Open ftomassetti opened 3 months ago
Also, in my cases there are no annotations, so the field annotations
is always {}
I also wonder if we should use a database id for nodes, to avoid using the node_id field, which may be a long string (at least in my case. My nodes ID range from 11 to 538 characters, with a mean of 206)
I also wonder if we should use a database id for nodes, to avoid using the node_id field, which may be a long string (at least in my case. My nodes ID range from 11 to 538 characters, with a mean of 206)

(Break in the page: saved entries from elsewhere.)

(* Let $1<p<\infty$, $x_0\in X$, $B_\rho=B(x_0,\rho)$, and let $\Omega\subset X$ be a bounded open set with $x_0\in\Omega$. If \[ \int_0^\delta\Bigl(\frac{\rho}{\mu(B_\rho)}\Bigr)^{1/(p-1)}d\rho=\infty\quad\text{for some }\delta>0, \] or equivalently $\sum_{k=k_0}^\infty\bigl(2^{-kp}/\mu(B_{2^{-k}})\bigr)^{1/(p-1)}=\infty$ for some integer $k_0\ge0$, then $\mathrm{cap}_p(\{x_0\},\Omega)=C_p(\{x_0\})=0$.
   Context: $(X,d,\mu)$ is a metric space (at least two points) with a positive complete Borel measure $\mu$, $0<\mu(B)<\infty$ for all balls; no doubling or Poincaré assumption. $g_u$ is the minimal $p$-weak upper gradient (a Borel $g\ge0$ with $|u(\gamma(0))-u(\gamma(l_\gamma))|\le\int_\gamma g\,ds$ for all nonconstant compact rectifiable curves outside a family of zero $p$-modulus). $N^{1,p}(X)$: everywhere-defined $u$ with $\|u\|_{N^{1,p}(X)}^p=\int|u|^p+\inf_g\int g^p<\infty$. $C_p(E)=\inf\|u\|^p_{N^{1,p}(X)}$ over $u\in N^{1,p}(X)$ with $u\ge1$ on $E$; $\mathrm{cap}_p(E,\Omega)=\inf\int_\Omega g_u^p\,d\mu$ over $u\in N^{1,p}(X)$, $u\ge1$ on $E$, $u=0$ on $X\setminus\Omega$. *)

theory Defs
  imports "HOL-Analysis.Analysis"
begin

definition epow :: "real \<Rightarrow> ennreal \<Rightarrow> ennreal" where
  "epow p x = (if x = \<infinity> then \<infinity> else ennreal (enn2real x powr p))"

definition curve_variation :: "(real \<Rightarrow> 'a::metric_space) \<Rightarrow> real \<Rightarrow> real \<Rightarrow> ennreal" where
  "curve_variation \<gamma> a b =
     (SUP nt \<in> {(n, t). t (0::nat) = a \<and> t n = b \<and> (\<forall>i<n. t i \<le> t (Suc i))}.
        ennreal (\<Sum>i<fst nt. dist (\<gamma> (snd nt i)) (\<gamma> (snd nt (Suc i)))))"

text \<open>A nonconstant compact rectifiable curve, parametrized by arc length on [0,l]
  (l = its length, l > 0).  Curves are represented as pairs (gamma, l).\<close>
definition arclength_curve :: "(real \<Rightarrow> 'a::metric_space) \<Rightarrow> real \<Rightarrow> bool" where
  "arclength_curve \<gamma> l \<longleftrightarrow> 0 < l \<and> continuous_on {0..l} \<gamma> \<and>
     (\<forall>s t. 0 \<le> s \<and> s \<le> t \<and> t \<le> l \<longrightarrow> curve_variation \<gamma> s t = ennreal (t - s))"

definition line_integral :: "('a \<Rightarrow> ennreal) \<Rightarrow> (real \<Rightarrow> 'a) \<Rightarrow> real \<Rightarrow> ennreal" where
  "line_integral g \<gamma> l = (\<integral>\<^sup>+ t \<in> {0..l}. g (\<gamma> t) \<partial>lborel)"

definition p_modulus :: "'a::metric_space measure \<Rightarrow> real \<Rightarrow> ((real \<Rightarrow> 'a) \<times> real) set \<Rightarrow> ennreal" where
  "p_modulus M p \<Gamma> = (INF \<rho> \<in> {\<rho> :: 'a \<Rightarrow> ennreal. \<rho> \<in> borel_measurable borel \<and>
        (\<forall>(\<gamma>, l) \<in> \<Gamma>. line_integral \<rho> \<gamma> l \<ge> 1)}. \<integral>\<^sup>+ x. epow p (\<rho> x) \<partial>M)"

definition p_weak_upper_gradient :: "'a::metric_space measure \<Rightarrow> real \<Rightarrow> ('a \<Rightarrow> real) \<Rightarrow> ('a \<Rightarrow> ennreal) \<Rightarrow> bool" where
  "p_weak_upper_gradient M p u g \<longleftrightarrow> g \<in> borel_measurable borel \<and>
     (\<exists>\<Gamma>. p_modulus M p \<Gamma> = 0 \<and>
        (\<forall>\<gamma> l. arclength_curve \<gamma> l \<and> (\<gamma>, l) \<notin> \<Gamma> \<longrightarrow>
           ennreal \<bar>u (\<gamma> 0) - u (\<gamma> l)\<bar> \<le> line_integral g \<gamma> l))"

text \<open>p-th power of the Newtonian norm (infinite if u is not in N^{1,p}).\<close>
definition newton_norm_p :: "'a::metric_space measure \<Rightarrow> real \<Rightarrow> ('a \<Rightarrow> real) \<Rightarrow> ennreal" where
  "newton_norm_p M p u = (\<integral>\<^sup>+ x. ennreal (\<bar>u x\<bar> powr p) \<partial>M) +
      (INF g \<in> {g. p_weak_upper_gradient M p u g}. \<integral>\<^sup>+ x. epow p (g x) \<partial>M)"

definition newtonian :: "'a::metric_space measure \<Rightarrow> real \<Rightarrow> ('a \<Rightarrow> real) set" where
  "newtonian M p = {u. u \<in> borel_measurable M \<and> newton_norm_p M p u < \<infinity>}"

definition sobolev_cap :: "'a::metric_space measure \<Rightarrow> real \<Rightarrow> 'a set \<Rightarrow> ennreal" where
  "sobolev_cap M p E = (INF u \<in> {u \<in> newtonian M p. \<forall>x\<in>E. u x \<ge> 1}. newton_norm_p M p u)"

text \<open>Variational capacity cap_p(E, Omega); the integral of g_u^p over Omega is written as the
  infimum over all p-weak upper gradients g of u of the integral of g^p over Omega.\<close>
definition var_cap :: "'a::metric_space measure \<Rightarrow> real \<Rightarrow> 'a set \<Rightarrow> 'a set \<Rightarrow> ennreal" where
  "var_cap M p E \<Omega> = (INF u \<in> {u \<in> newtonian M p. (\<forall>x\<in>E. u x \<ge> 1) \<and> (\<forall>x\<in>-\<Omega>. u x = 0)}.
      (INF g \<in> {g. p_weak_upper_gradient M p u g}. \<integral>\<^sup>+ x \<in> \<Omega>. epow p (g x) \<partial>M))"

end

theory Submission
  imports Defs
begin

(* The test functions are radial: u = sum over j <= k < n of (v k / S) * psi k (d(x0, x)), where
   psi k is the linear ramp from 1 on the ball of radius 2^-(k+1) down to 0 outside the ball of
   radius 2^-k, v k = (2^(-kp) / mu(B(x0, 2^-k)))^(1/(p-1)) and S is the sum of the v k.  Along any
   arc-length parametrised curve the distance to x0 is 1-Lipschitz, so u has the genuine upper
   gradient g = sum of (v k / S) / 2^-(k+1) on the disjoint annuli.  This choice of weights gives
   the energy bound  int g^p <= 2^p S^(1-p),  which tends to 0 as n grows when the series of the
   v k diverges.  Divergence also excludes an atom at x0 (otherwise v k would decay geometrically),
   so the L^p part, bounded by mu(B(x0, 2^-j)), is small for large j.  The integral condition
   implies divergence of the series by comparing the integrand on each dyadic interval. *)

lemma arclength_curve_dist_le:
  assumes "arclength_curve \<gamma> l" "0 \<le> s" "s \<le> t" "t \<le> l"
  shows "dist (\<gamma> s) (\<gamma> t) \<le> t - s"
proof -
  let ?P = "{(n, tt). tt (0::nat) = s \<and> tt n = t \<and> (\<forall>i<n. tt i \<le> tt (Suc i))}"
  have "(1, \<lambda>i. if i = 0 then s else t) \<in> ?P" using assms by auto
  then have "ennreal (dist (\<gamma> s) (\<gamma> t)) \<le> curve_variation \<gamma> s t"
    unfolding curve_variation_def by (rule SUP_upper2) simp
  also have "\<dots> = ennreal (t - s)" using assms unfolding arclength_curve_def by auto
  finally show ?thesis using assms by (auto simp: ennreal_le_iff2)
qed

lemma lipschitz_on_dist_arclength_curve:
  assumes "arclength_curve \<gamma> l"
  shows "1-lipschitz_on {0..l} (\<lambda>t. dist x0 (\<gamma> t))"
proof (rule lipschitz_onI)
  fix s t assume "s \<in> {0..l}" "t \<in> {0..l}"
  then have "dist (\<gamma> s) (\<gamma> t) \<le> dist s t"
    using arclength_curve_dist_le[OF assms, of s t] arclength_curve_dist_le[OF assms, of t s]
    by (cases "s \<le> t") (auto simp: dist_real_def dist_commute)
  moreover have "dist (dist x0 (\<gamma> s)) (dist x0 (\<gamma> t)) \<le> dist (\<gamma> s) (\<gamma> t)"
    by (metis dist_commute dist_real_def dist_triangle3 abs_le_iff diff_le_eq minus_diff_eq add.commute)
  ultimately show "dist (dist x0 (\<gamma> s)) (dist x0 (\<gamma> t)) \<le> 1 * dist s t" by simp
qed simp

I implemented this in some of my C# optimizations: During serialization, I want to detect duplicates. I store SHA1 hashes of the id as a fixed array of 20 bytes. It saves quite some memory (and also speeds up comparison).
Edit: See here: https://github.com/LionWeb-io/lionweb-csharp/blob/niko/serializer-handler/src/LionWeb-CSharp/core/M1/CompressedId.cs
I think there are two ways of optimizing this, both can be applied independently:
a) We can handle default values differently in our logic, so they never reach the DB. b) I could imagine the DB has a way to "compress" column values internally, maybe this needs "column-mode" tables. I don't know any specifics on PQ, just that such features exist in general.
After loading a big project (2.5M nodes) I looked at the table and I noticed some values being common.
In the reference table the value
{}
(no values references) is present in 4475306 out of 5207880 records (86%). In the containment table the value{}
(no values references) is present in 359166 out of 4514084 records (22%). In the property table the valuefalse
is present in 538840 out of 2490897 records (8%).Complessively, among these 3 tables, 5373312 records out of 12212861 (44%) have the default value. Is there a way to use this to our advantage? Can we avoid adding records when the default value is present? Can we otherwise speed up insertion?